Four sites that I visit daily (other than blogs):
1. doopravdy.com - Czech Jewish news server run by my co-teacher Shmil
2. google.com - doesn´t surprise anybody
3. facebook.com - great to stay in touch with your friends abroad (or far away) - unfortunately, it took away most of my enthusiasm for blogspot.
4. lauder.cz - web of my school, serves for my communication with students and their parents

Four of my favorite dishes:
1. bread and cheese (seriously)
2. bábovka (czech cake)
3. fried (breaded) cheese
4. chicken soup

Four people that I am tagging:
1. Ondra
2. Tovah
3. Shmil
4. Aviad

CS Jack Stack

As my readers know, my brother works at Ceska Sporitelna bank.
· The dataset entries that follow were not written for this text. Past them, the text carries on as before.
text \<open>
  Write V(\<theta>) for the eigenspaces of A and
  P(x, y) = x^2 - \<beta>xy + y^2 - \<gamma>(x + y) - \<rho>.
  The first relation says that A commutes with
  R = A^2A* - \<beta>AA*A + A*A^2 - \<gamma>(AA* + A*A) - \<rho>A*;
  applied to v in V(\<theta>), this shows that the V(x)-component of A*v is killed by
  (x - \<theta>) P(\<theta>, x). Call two distinct eigenvalues adjacent if P vanishes on them.
  The neighbours of x are roots of the quadratic P(x, -), so there are at most two of them
  and they sum to \<beta>x + \<gamma>; irreducibility makes the graph connected.
  Going around a cycle would give a periodic solution of
  u(k) + u(k+2) = \<beta> u(k+1) + \<gamma>, whose differences are combinations of
  q^k and q^-k; as q is not a root of unity, such a solution is constant.
  Hence the graph is a path, and listing the eigenvalues along it gives the tridiagonal
  ordering; exchanging A and A* gives the one for A*.
\<close>

section \<open>Eigenspace decompositions\<close>

lemma espace_scale: "v \<in> espace A \<theta> \<Longrightarrow> c *s v \<in> espace A \<theta>"
  by (simp add: espace_def vec.scale vec.scale_scale mult.commute)

lemma espace_add: "v \<in> espace A \<theta> \<Longrightarrow> u \<in> espace A \<theta> \<Longrightarrow> v + u \<in> espace A \<theta>"
  by (simp add: espace_def matrix_vector_right_distrib vec.scale_right_distrib)

lemma zero_in_espace [simp]: "0 \<in> espace A \<theta>"
  by (simp add: espace_def)

lemma eigvalsE:
  assumes "\<theta> \<in> eigvals A"
  obtains v where "v \<in> espace A \<theta>" "v \<noteq> 0"
  using assms zero_in_espace unfolding eigvals_def by blast

lemma sum_eigenvectors_eq_0D:
  fixes A :: "'k::field^'n^'n"
  assumes "finite S" "\<forall>\<theta>\<in>S. w \<theta> \<in> espace A \<theta>" "(\<Sum>\<theta>\<in>S. w \<theta>) = 0"
  shows "\<forall>\<theta>\<in>S. w \<theta> = 0"
  using assms
proof (induction S arbitrary: w rule: finite_induct)
  case empty
  then show ?case by simp
next
  case (insert a F)
  have sum: "w a + (\<Sum>\<theta>\<in>F. w \<theta>) = 0"
    using insert by simp
  have "a *s w a + (\<Sum>\<theta>\<in>F. \<theta> *s w \<theta>) = A *v (w a + (\<Sum>\<theta>\<in>F. w \<theta>))"
    using insert.prems by (simp add: matrix_vector_right_distrib vec.sum espace_def)
  also have "\<dots> = a *s (w a + (\<Sum>\<theta>\<in>F. w \<theta>))"
    using sum by simp
  finally have "(\<Sum>\<theta>\<in>F. (\<theta> - a) *s w \<theta>) = 0"
    by (simp add: vec.scale_left_diff_distrib sum_subtractf vec.scale_right_distrib
        vec.scale_sum_right)
  moreover have "\<forall>\<theta>\<in>F. (\<theta> - a) *s w \<theta> \<in> espace A \<theta>"
    using insert.prems espace_scale by blast
  ultimately have "\<forall>\<theta>\<in>F. (\<theta> - a) *s w \<theta> = 0"
    using insert.IH[of "\<lambda>\<theta>. (\<theta> - a) *s w \<theta>"] by blast
  then have "\<forall>\<theta>\<in>F. w \<theta> = 0"
    using insert.hyps by (auto simp: vec.scale_eq_0_iff)
  with sum show ?case
    by simp
qed

lemma finite_eigvals: "finite (eigvals (A :: 'k::field^'n^'n))"
proof -
  obtain v where v: "\<forall>\<theta>\<in>eigvals A. v \<theta> \<in> espace A \<theta> \<and> v \<theta> \<noteq> 0"
    using eigvalsE by metis
  have inj: "inj_on v (eigvals A)"
  proof (rule inj_onI)
    fix x y
    assume xy: "x \<in> eigvals A" "y \<in> eigvals A" "v x = v y"
    have "A *v v x = x *s v x" "A *v v y = y *s v y" "v x \<noteq> 0"
      using v xy(1,2) by (auto simp: espace_def)
    then have "x *s v x = y *s v x" "v x \<noteq> 0"
      using xy(3) by metis+
    then show "x = y"
      by (simp add: vec.scale_cancel_right)
  qed
  have "vec.independent (v ` eigvals A)"
    unfolding vec.independent_explicit_module
  proof (intro allI impI)
    fix t u x
    assume t: "finite t" "t \<subseteq> v ` eigvals A" "(\<Sum>x\<in>t. u x *s x) = 0" "x \<in> t"
    obtain F where F: "F \<subseteq> eigvals A" "t = v ` F"
      using t(2) by (auto simp: subset_image_iff)
    have injF: "inj_on v F"
      using inj F(1) inj_on_subset by blast
    then have "finite F"
      using t(1) F(2) finite_imageD by blast
    moreover have "(\<Sum>\<theta>\<in>F. u (v \<theta>) *s v \<theta>) = 0"
      using t(3) F(2) injF by (simp add: sum.reindex)
    ultimately have "\<forall>\<theta>\<in>F. u (v \<theta>) *s v \<theta> = 0"
      using F(1) v espace_scale by (intro sum_eigenvectors_eq_0D) blast+
    then show "u x = 0"
      using t(4) F v by (auto simp: vec.scale_eq_0_iff)
  qed
  then have "finite (v ` eigvals A)"
    by (rule vec.finiteI_independent)
  then show ?thesis
    using inj finite_imageD by blast
qed

lemma span_espaces_decomp:
  fixes A :: "'k::field^'n^'n"
  assumes "finite C" "x \<in> vec.span (\<Union>\<theta>\<in>C. espace A \<theta>)"
  obtains w where "\<forall>\<theta>\<in>C. w \<theta> \<in> espace A \<theta>" "x = (\<Sum>\<theta>\<in>C. w \<theta>)"
proof -
  have "\<exists>w. (\<forall>\<theta>\<in>C. w \<theta> \<in> espace A \<theta>) \<and> x = (\<Sum>\<theta>\<in>C. w \<theta>)"
    using assms(2)
  proof (induction rule: vec.span_induct_alt)
    case base
    show ?case
      by (rule exI[of _ "\<lambda>_. 0"]) simp
  next
    case (step c x y)
    then obtain w where w: "\<forall>\<theta>\<in>C. w \<theta> \<in> espace A \<theta>" "y = (\<Sum>\<theta>\<in>C. w \<theta>)"
      by blast
    from step obtain \<theta>0 where "\<theta>0 \<in> C" "x \<in> espace A \<theta>0"
      by blast
    with w assms(1) show ?case
      by (intro exI[of _ "\<lambda>\<theta>. (if \<theta> = \<theta>0 then c *s x else 0) + w \<theta>"])
        (auto intro!: espace_add espace_scale simp: sum.distrib)
  qed
  then show ?thesis
    using that by blast
qed

lemma diagonalizable_decomp:
  fixes A :: "'k::field^'n^'n"
  assumes "diagonalizable A"
  obtains w where "\<forall>\<theta>\<in>eigvals A. w \<theta> \<in> espace A \<theta>" "x = (\<Sum>\<theta>\<in>eigvals A. w \<theta>)"
  using span_espaces_decomp[OF finite_eigvals] assms unfolding diagonalizable_def by blast

lemma diagonalizable_eigvals_nonempty:
  fixes A :: "'k::field^'n^'n"
  assumes "diagonalizable A"
  shows "eigvals A \<noteq> {}"
proof
  assume "eigvals A = {}"
  then have "vec.span ({} :: ('k^'n) set) = UNIV"
    using assms unfolding diagonalizable_def by simp
  then have "((\<chi> i. 1) :: 'k^'n) \<in> {0}"
    by (simp add: vec.span_empty)
  then show False
    by (simp add: vec_eq_iff)
qed

lemma espace_inter_span_espaces:
  fixes A :: "'k::field^'n^'n"
  assumes "finite C" "\<theta> \<notin> C" "v \<in> espace A \<theta>" "v \<in> vec.span (\<Union>x\<in>C. espace A x)"
  shows "v = 0"
proof -
  obtain w where w: "\<forall>x\<in>C. w x \<in> espace A x" "v = (\<Sum>x\<in>C. w x)"
    using span_espaces_decomp[OF assms(1,4)] by blast
  let ?w = "w(\<theta> := - v)"
  have "(\<Sum>x\<in>C. ?w x) = v"
    using assms(2) w(2) by (auto intro: sum.cong)
  then have "(\<Sum>x\<in>insert \<theta> C. ?w x) = 0"
    using assms(1,2) by simp
  moreover have "\<forall>x\<in>insert \<theta> C. ?w x \<in> espace A x"
    using w(1) assms(2,3) espace_scale[of v A \<theta> "-1"] by auto
  ultimately have "?w \<theta> = 0"
    using sum_eigenvectors_eq_0D[of "insert \<theta> C" ?w A] assms(1) by blast
  then show ?thesis
    by simp
qed

lemma span_matrix_invariant:
  assumes "\<And>g. g \<in> G \<Longrightarrow> M *v g \<in> vec.span G"
  shows "(\<lambda>x. M *v x) ` vec.span G \<subseteq> vec.span G"
proof -
  have "vec.span ((*v) M ` G) \<subseteq> vec.span G"
    using assms by (intro vec.span_minimal) (auto simp: vec.subspace_span)
  then show ?thesis
    by (simp add: vec.span_image)
qed

lemma span_espaces_invariant:
  "(\<lambda>v. A *v v) ` vec.span (\<Union>x\<in>C. espace A x) \<subseteq> vec.span (\<Union>x\<in>C. espace A x)"
proof (rule span_matrix_invariant)
  fix g
  assume "g \<in> (\<Union>x\<in>C. espace A x)"
  then obtain x where "x \<in> C" "g \<in> espace A x"
    by blast
  then have "A *v g \<in> espace A x"
    using espace_scale[of g A x x] by (simp add: espace_def)
  with \<open>x \<in> C\<close> show "A *v g \<in> vec.span (\<Union>x\<in>C. espace A x)"
    by (auto intro: vec.span_base)
qed

section \<open>The tridiagonal relation\<close>

definition td_relation :: "'k::field \<Rightarrow> 'k \<Rightarrow> 'k \<Rightarrow> 'k^'n^'n \<Rightarrow> 'k^'n^'n \<Rightarrow> bool" where
  "td_relation \<beta> \<gamma> \<rho> A B \<longleftrightarrow>
     comm A (A ** A ** B - mscale \<beta> (A ** B ** A) + B ** A ** A
             - mscale \<gamma> (A ** B + B ** A) - mscale \<rho> B) = 0"

lemma TD_relations_iff:
  "TD_relations \<beta> \<gamma> \<gamma>s \<rho> \<rho>s A As \<longleftrightarrow> td_relation \<beta> \<gamma> \<rho> A As \<and> td_relation \<beta> \<gamma>s \<rho>s As A"
  by (simp add: TD_relations_def td_relation_def)

definition td_poly :: "'k::field \<Rightarrow> 'k \<Rightarrow> 'k \<Rightarrow> 'k \<Rightarrow> 'k \<Rightarrow> 'k" where
  "td_poly \<beta> \<gamma> \<rho> x y = x * x - \<beta> * x * y + y * y - \<gamma> * (x + y) - \<rho>"

lemma td_poly_commute: "td_poly \<beta> \<gamma> \<rho> x y = td_poly \<beta> \<gamma> \<rho> y x"
  by (simp add: td_poly_def algebra_simps)

lemma td_poly_roots_sum:
  assumes "td_poly \<beta> \<gamma> \<rho> x a = 0" "td_poly \<beta> \<gamma> \<rho> x b = 0" "a \<noteq> b"
  shows "a + b = \<beta> * x + \<gamma>"
proof -
  have "(a - b) * (a + b - \<beta> * x - \<gamma>) = td_poly \<beta> \<gamma> \<rho> x a - td_poly \<beta> \<gamma> \<rho> x b"
    by (simp add: td_poly_def algebra_simps)
  then have "a + b - \<beta> * x - \<gamma> = 0"
    using assms by simp
  then show ?thesis
    by (simp add: algebra_simps)
qed

definition td_adjacent :: "'k::field \<Rightarrow> 'k \<Rightarrow> 'k \<Rightarrow> 'k \<Rightarrow> 'k \<Rightarrow> bool" where
  "td_adjacent \<beta> \<gamma> \<rho> x y \<longleftrightarrow> x \<noteq> y \<and> td_poly \<beta> \<gamma> \<rho> x y = 0"

lemma td_adjacent_sym: "td_adjacent \<beta> \<gamma> \<rho> x y \<Longrightarrow> td_adjacent \<beta> \<gamma> \<rho> y x"
  unfolding td_adjacent_def by (metis td_poly_commute)

lemma td_adjacent_irrefl: "\<not> td_adjacent \<beta> \<gamma> \<rho> x x"
  by (simp add: td_adjacent_def)

lemma td_adjacent_neighbours_sum:
  "td_adjacent \<beta> \<gamma> \<rho> x a \<Longrightarrow> td_adjacent \<beta> \<gamma> \<rho> x b \<Longrightarrow> a \<noteq> b \<Longrightarrow> a + b = \<beta> * x + \<gamma>"
  unfolding td_adjacent_def by (blast intro: td_poly_roots_sum)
The CEO of the bank, Jack Stack, is leaving his possition. After having lived in the country for 10 years, he is returning back to The U.S. During the time he worked in Prague he became very well known for being a very tough bussinesman. However, everybody knows him also for his sense of humor. True to his reputation, he decided to say goodbye to his company by creating this remake of Sting´s "I´ll be watching you." It made the headlines in the country. And it well deserves the attention it received.

Tuesday, July 31, 2007

Back from Israel

I am back from Israel - I didn´t post anything during the time I was there mainly due to the poor internet connection. Sorry :-)

Well, I am starting to make a very bad blogger. Israel was colorful - hot, full of friends, in many ways reassuring and naturally also anoying in many others. I spent the first 2 weeks in the Conservative Yeshiva. I decided to take mainly ulpan classes with my old teacher Meira, which was a true delight. I also liked the advanced halachah class tought by Shlomo Zacharow. The yeshiva was a bit of a surprise to me - it was very different from the year program I took part at a year ago, but I still enjoyed it. On the 3rd week I took a course for techers of Hebrew in Ramat Rachel and during the remaining time I visited my friend Ram in Hebron, spend some time with my friends Hana and Ruven and their kids and rested a bit. It all seems a bit distant now as I quickly returned to my Prague life after I had gotten back. So let me just say - I really enjoyed Israel, but I will not write about it as I didnt manage to write about it when I was there and now it seems too silly.

The good news is I bought my sukah today (yey!) and on the top of that I bought also a brand new olive tree. Yes, I admit it is a bit weird in Central Europe. But I saw it in the shop where I bought the sukah and I could not resist buying it. It comes from Germany (believe it or not). We shall see how long it lasts on my windy terrace.